I agree, indexing is not necessary at all for a rectangle as I posted, but consider drawing something like this:
The middle coordinate is surely to be duplicated, but the color value must be different each time.
But if I have understood it correctly, indices cannot contain more than one value per instance. So a index cannot point to two separate VBOs? I think I'll have to study OpenGL a bit more to understand how indexing works
Yes, the type of data like in your picture is not gonna be well suited for indexing.
Indexing is best for continuous data like texturing large triangle mesh with a single texture as many vertices have identical data - vertex coord, texture coord, normal, bitangent etc.
bq. So an index cannot point to two separate VBOs
It can. See my example 3 and comment about performance. It's just gonna be the same single index in both VBOs (counting from offset specified with glVertexAttribPointer). What you can't have is a distinct index for each attribute.
So for example if you have VBO1: v0, v1, v2 and VBO2: c0, c1,c2
there's gonna be a single index buffer: 0,1,2 which will process data like this: (v0,c0), (v1,c1), (v2,c2).
You can't have two index buffers like 0,1,2 and 2,2,2 that would produce vertex data like this: (v0,c2), (v1,c2), (v2,c2)

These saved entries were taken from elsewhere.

(* Let $G$ be an infinite finitely generated residually finite group, $S$ a finite symmetric generating set, and $(X_n)_{n\ge0}$ the lazy random walk on $\mathrm{Cay}(G,S)$. Then $$\liminf_{n\to\infty}\mathbb{E}[D_G(X_n)]\ge 2+\sum_{k\ge2}\frac{1}{[G:\Lambda_k]}.$$
   Context: For $g\ne e$, $D_G(g)=\min\{[G:N]: N\lhd G\text{ of finite index},\ g\notin N\}$, and $D_G(e)=0$. For $k\ge2$, $\Lambda_k$ is the intersection of all normal subgroups of $G$ of index at most $k$; $\Lambda_0=\Lambda_1=G$. The lazy random walk on $\mathrm{Cay}(G,S)$ is the Markov chain with $X_0=e$ and transition matrix $\frac12 I+\frac12P$, where $P(x,y)=\frac1{|S|}\#\{s\in S:y=xs\}$. *)

theory Defs
  imports "HOL-Algebra.Algebra" "HOL-Probability.Probability"
begin

text \<open>Index of a subgroup: number of right cosets (0 if infinitely many).\<close>
definition grp_index :: "('a, 'b) monoid_scheme \<Rightarrow> 'a set \<Rightarrow> nat" where
  "grp_index G N = card (rcosets\<^bsub>G\<^esub> N)"

definition fin_normal :: "('a, 'b) monoid_scheme \<Rightarrow> 'a set \<Rightarrow> bool" where
  "fin_normal G N \<longleftrightarrow> N \<lhd> G \<and> finite (rcosets\<^bsub>G\<^esub> N)"

definition D_G :: "('a, 'b) monoid_scheme \<Rightarrow> 'a \<Rightarrow> nat" where
  "D_G G g = (if g = \<one>\<^bsub>G\<^esub> then 0
      else Inf {grp_index G N | N. fin_normal G N \<and> g \<notin> N})"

I'll repeat that you can achieve this with UBOs, but that's another topic.
I think I understand, but maybe we can move on to a specific example?
I'm now drawing the triangles with their corresponding colors using indexing, I'm reading a disparity map and a colored image to visualize disparity maps in 3D; "this":http://oi57.tinypic.com/30uy9u9.jpg is what it looks like.

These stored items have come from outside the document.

lemma wh_potential_unmatched_cover:
  assumes cover: "covers_in (wh_Q n) x y" and unmatched: "(x, y) \<notin> wh_M n"
  shows "wh_potential n x < wh_potential n y"
proof -
  from cover have xQ: "x \<in> wh_Q n" and yQ: "y \<in> wh_Q n" and sub: "x \<subset> y"
    unfolding covers_in_def by auto
  have fin: "finite y"
    using wh_Q_finite[OF yQ] .
  have "card x < card y"
    using psubset_card_mono[OF fin sub] .
  then consider "Suc (card x) < card y" | "card y = Suc (card x)"
    by linarith
  then show ?thesis
  proof cases
    case 1
    then show ?thesis
      unfolding wh_potential_def by (simp add: less_prod_def)
  next
    case 2
    then obtain z where z: "z \<notin> x" "y = insert z x"
      using psubset_card_Suc_obtain[OF fin sub] by blast
    show ?thesis
    proof (cases "\<not> wh_top n x \<and> wh_top n y \<and> wh_marked n x = wh_marked n y")
      case True
      then show ?thesis
        using wh_core_card_less[OF xQ yQ z(2,1) unmatched] 2
        unfolding wh_potential_def by (simp add: less_prod_def)
    next
      case False
      then show ?thesis
        using 2 wh_marked_mono[OF psubset_imp_subset[OF sub]]
        unfolding wh_potential_def by (auto simp: less_prod_def)
    qed
  qed
qed

theorem mainTheorem10:
  fixes n :: nat
  assumes "n \<ge> 3"
  shows "morse_matching (wh_Q n) (wh_M n)"
  using is_matching_wh_M wh_potential_unmatched_cover wh_potential_matched
  by (rule morse_matchingI)

end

Now I'd like to draw black lines on top of each triangle. How would you suggest I do this? Can I somehow override the color data of the buffer? Or do I have to set some uniform value in the shader so that everything I draw next will be black?
Please look at this pastebin: http://pastebin.com/eySDk8Vy
Used a uniform float value named "colored" to override the color array in the shader and use a black color when drawing the lines. But I'd still like to know what your preferred solution would be if you don't mind
There are couple of ways to do it.
If what you have works and is good enough then it's ok. No need to complicate things. You just need to blend the second pass properly so that you won't be seeing Z-fighting artifacts.

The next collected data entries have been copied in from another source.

lemma lag_gap_Suc_if_active:
  assumes I: "fs_inv t" and e: "E u v" and ua: "cfg t u \<noteq> None" and va: "cfg t v \<noteq> None"
  shows "lag (Suc t) u \<le> lag (Suc t) v + 1 \<or>
    (lag (Suc t) u = lag (Suc t) v + 2 \<and> is_checkpoint (Suc (uclock (Suc t) u)) \<and>
     beeping (cfg (Suc t)) v)"
proof (cases "lag t u \<le> lag t v + 1")
  case gap_le_1: True
  show ?thesis
  proof (cases "lag (Suc t) u \<le> lag (Suc t) v + 1")
    case False
    then have v_jumps: "lag (Suc t) v = lag t v - 1" "1 \<le> lag t v"
        "is_checkpoint (Suc (uclock t v))" "beeping (cfg (Suc t)) v"
      and u_steps: "lag (Suc t) u = lag t u" "uclock (Suc t) u = Suc (uclock t u)"
      using active_step[OF I ua] active_step[OF I va] gap_le_1 by auto
    then have "lag t u = lag t v + 1" using False gap_le_1 by linarith
    moreover have "lag t u \<le> t" "lag t v \<le> t" using lag_le[OF I] ua va by auto
    ultimately have "Suc (uclock (Suc t) u) = Suc (uclock t v)"
      using u_steps by (simp add: uclock_def)
    then show ?thesis using v_jumps u_steps \<open>lag t u = lag t v + 1\<close> by auto
  qed simp
next
  case False
  moreover have "lag t u \<le> lag t v + 1 \<or>
      (lag t u = lag t v + 2 \<and> is_checkpoint (Suc (uclock t u)) \<and> beeping (cfg t) v)"
    using I e ua va unfolding fs_inv_def lag_gap_inv_def by blast
  ultimately have gap_2: "lag t u = lag t v + 2" "is_checkpoint (Suc (uclock t u))"
      "beeping (cfg t) v"
    by auto
  obtain p d ind where c: "cfg t u = Some (p, d, ind)" using ua by auto
  have "hears E (cfg t) u" using e gap_2(3) by (auto simp: hears_def)
  then have "lag (Suc t) u = lag t u - 1"
    using jumps_if_hears_before_checkpoint[OF I c gap_2(2)] by blast
  then show ?thesis using lag_Suc_eq_if_beeping[OF I gap_2(3)] gap_2(1) by simp
qed

lemma lag_gap_inv_Suc: "fs_inv t \<Longrightarrow> lag_gap_inv (Suc t)"
  unfolding lag_gap_inv_def
proof (intro allI impI)
  fix u v assume I: "fs_inv t" and e: "E u v"
    and cu: "cfg (Suc t) u \<noteq> None" and cv: "cfg (Suc t) v \<noteq> None"
  consider "cfg t u = None" "cfg t v = None" | "cfg t u = None" "cfg t v \<noteq> None"
    | "cfg t u \<noteq> None" "cfg t v = None" | "cfg t u \<noteq> None" "cfg t v \<noteq> None" by blast
  then show "lag (Suc t) u \<le> lag (Suc t) v + 1 \<or>
    (lag (Suc t) u = lag (Suc t) v + 2 \<and> is_checkpoint (Suc (uclock (Suc t) u)) \<and>
     beeping (cfg (Suc t)) v)"
  proof cases
    case 1
    then show ?thesis using newly_active[OF _ cu] newly_active[OF _ cv] by simp
  next
    case 2
    then have "lag t v = t \<and> beeping (cfg t) v"
      using I sym_E[OF e] unfolding fs_inv_def frontier_inv_def by blast
    then show ?thesis using newly_active[OF _ cu] lag_Suc_eq_if_beeping[OF I] 2 by simp
  next
    case 3
    then have "lag t u = t \<and> beeping (cfg t) u"
      using I e unfolding fs_inv_def frontier_inv_def by blast
    then show ?thesis using newly_active[OF _ cv] lag_Suc_eq_if_beeping[OF I] 3 by simp
  next
    case 4
    then show ?thesis using lag_gap_Suc_if_active[OF I e] by blast
  qed
qed

text \<open>A neighbour of lag one is just before the checkpoint and jumps on hearing \<open>u\<close>; a lag of
  two would put a checkpoint one round before the one of \<open>u\<close>.\<close>

lemma neighbour_synced_after_checkpoint_beep:
  assumes I: "fs_inv t" and cu: "cfg t u = Some (Beep, d, False)" and u0: "lag t u = 0"
    and e: "E u v"
  shows "cfg (Suc t) v \<noteq> None \<and> lag (Suc t) v = 0"
proof -
  have cp_u: "is_checkpoint (Suc t)"
    using I cu u0 unfolding fs_inv_def beep_inv_def uclock_def by fastforce
  have va: "cfg t v \<noteq> None"
  proof
    assume "cfg t v = None"
    then have "lag t u = t" using I e cu unfolding fs_inv_def frontier_inv_def by blast
    then show False using cp_u u0 checkpoint_ge_5[of 1] by simp
  qed
  have lv: "lag t v \<le> t" using lag_le[OF I va] .
  have "lag t v \<le> 1"
  proof (rule ccontr)
    assume "\<not> lag t v \<le> 1"
    then have "is_checkpoint (Suc (uclock t v))" "Suc (uclock t v) = t"
      using I sym_E[OF e] cu va u0 lv unfolding fs_inv_def lag_gap_inv_def
      by (fastforce simp: uclock_def)+
    then show False using checkpoints_eq_or_far[OF _ cp_u] by fastforce
  qed
  then consider "lag t v = 0" | "lag t v = 1" by linarith
  then show ?thesis
  proof cases
    case 1
    then show ?thesis using active_step[OF I va] by auto
  next
    case 2
    obtain p d ind where cv: "cfg t v = Some (p, d, ind)" using va by auto
    have "is_checkpoint (Suc (uclock t v))" using 2 cp_u lv by (simp add: uclock_def)
    moreover have "hears E (cfg t) v" using sym_E[OF e] cu by (auto simp: hears_def beeping_def)
    ultimately show ?thesis
      using jumps_if_hears_before_checkpoint[OF I cv] active_step[OF I va] 2 by auto
  qed
qed

lemma synced_inv_Suc: "fs_inv t \<Longrightarrow> synced_inv (Suc t)"
  unfolding synced_inv_def
proof (intro allI impI)
  fix u d v assume I: "fs_inv t" and c: "cfg (Suc t) u = Some (Listen, d, False)"
    and l0: "lag (Suc t) u = 0" and e: "E u v"
  have "cfg t u \<noteq> None" using newly_active[of t u] c by (cases "cfg t u") auto
  then obtain p0 d0 i0 where c0: "cfg t u = Some (p0, d0, i0)" by auto
  show "cfg (Suc t) v \<noteq> None \<and> lag (Suc t) v = 0"
  proof (rule active_step_cases[OF I c0])
    assume "p0 = Beep" "cfg (Suc t) u = Some (Listen, Suc (uclock t u) mod T, i0)"
      "lag (Suc t) u = lag t u"
    then show ?thesis using neighbour_synced_after_checkpoint_beep[OF I _ _ e] c0 c l0 by simp
  next
    assume "cfg (Suc t) u = Some (Beep, Suc (Suc (uclock t u)) mod T, True)"
    then show ?thesis using c by simp
  next
    assume "cfg (Suc t) u = Some (Beep, Suc (uclock t u) mod T, False)"
    then show ?thesis using c by simp
  next
    assume "p0 = Listen" "cfg (Suc t) u = Some (Listen, Suc (uclock t u) mod T, i0)"
      "lag (Suc t) u = lag t u"
    then have "cfg t v \<noteq> None \<and> lag t v = 0"
      using I c0 c e l0 unfolding fs_inv_def synced_inv_def by auto
    then show ?thesis using active_step[OF I] by fastforce
  qed
qed

lemma fs_inv_holds: "fs_inv t"
  by (induction t)
    (use fs_inv_0 clock_inv_Suc beep_inv_Suc lag_gap_inv_Suc frontier_inv_Suc synced_inv_Suc
      in \<open>auto simp: fs_inv_def\<close>)

section \<open>Convergence\<close>

lemma clock_eq_uclock_mod: "cfg t v = Some (p, d, ind) \<Longrightarrow> d = uclock t v mod T"
  using fs_inv_holds[of t] unfolding fs_inv_def clock_inv_def by blast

One other simple solution would be to just use another shader that doesn't take any color inputs at all and just paints everything black and draw your lines with that (again, minding the blending).
If you want to get fancy you can even do everything in one pass with a shader that calculates fragment position inside the triangle and paints the ones near edge black. Some examples are "here":http://strattonbrazil.blogspot.com/2011/09/single-pass-wireframe-rendering_11.html and "here":http://codeflow.org/entries/2012/aug/02/easy-wireframe-display-with-barycentric-coordinates/
Yes it seems to be working pretty well, added a uniform vec3 variable called "position_offset" to avoid Z-fighting artifacts (now I even learned a new expression). I'm pretty happy with the result:
I really appreciate all the help you've given me, thanks a million :) We'll be sure to add you to the credits section of our bachelor thesis
The offsetting is a little hard to handle if there's a large depth difference in the scene as too much offset will result in visual disparity near the camera and too little will not fix the z problems far away.
Another way to deal with this is to render the color and the outlines into separate textures without any offset (using FBOs) and then just blend them together in a final pass.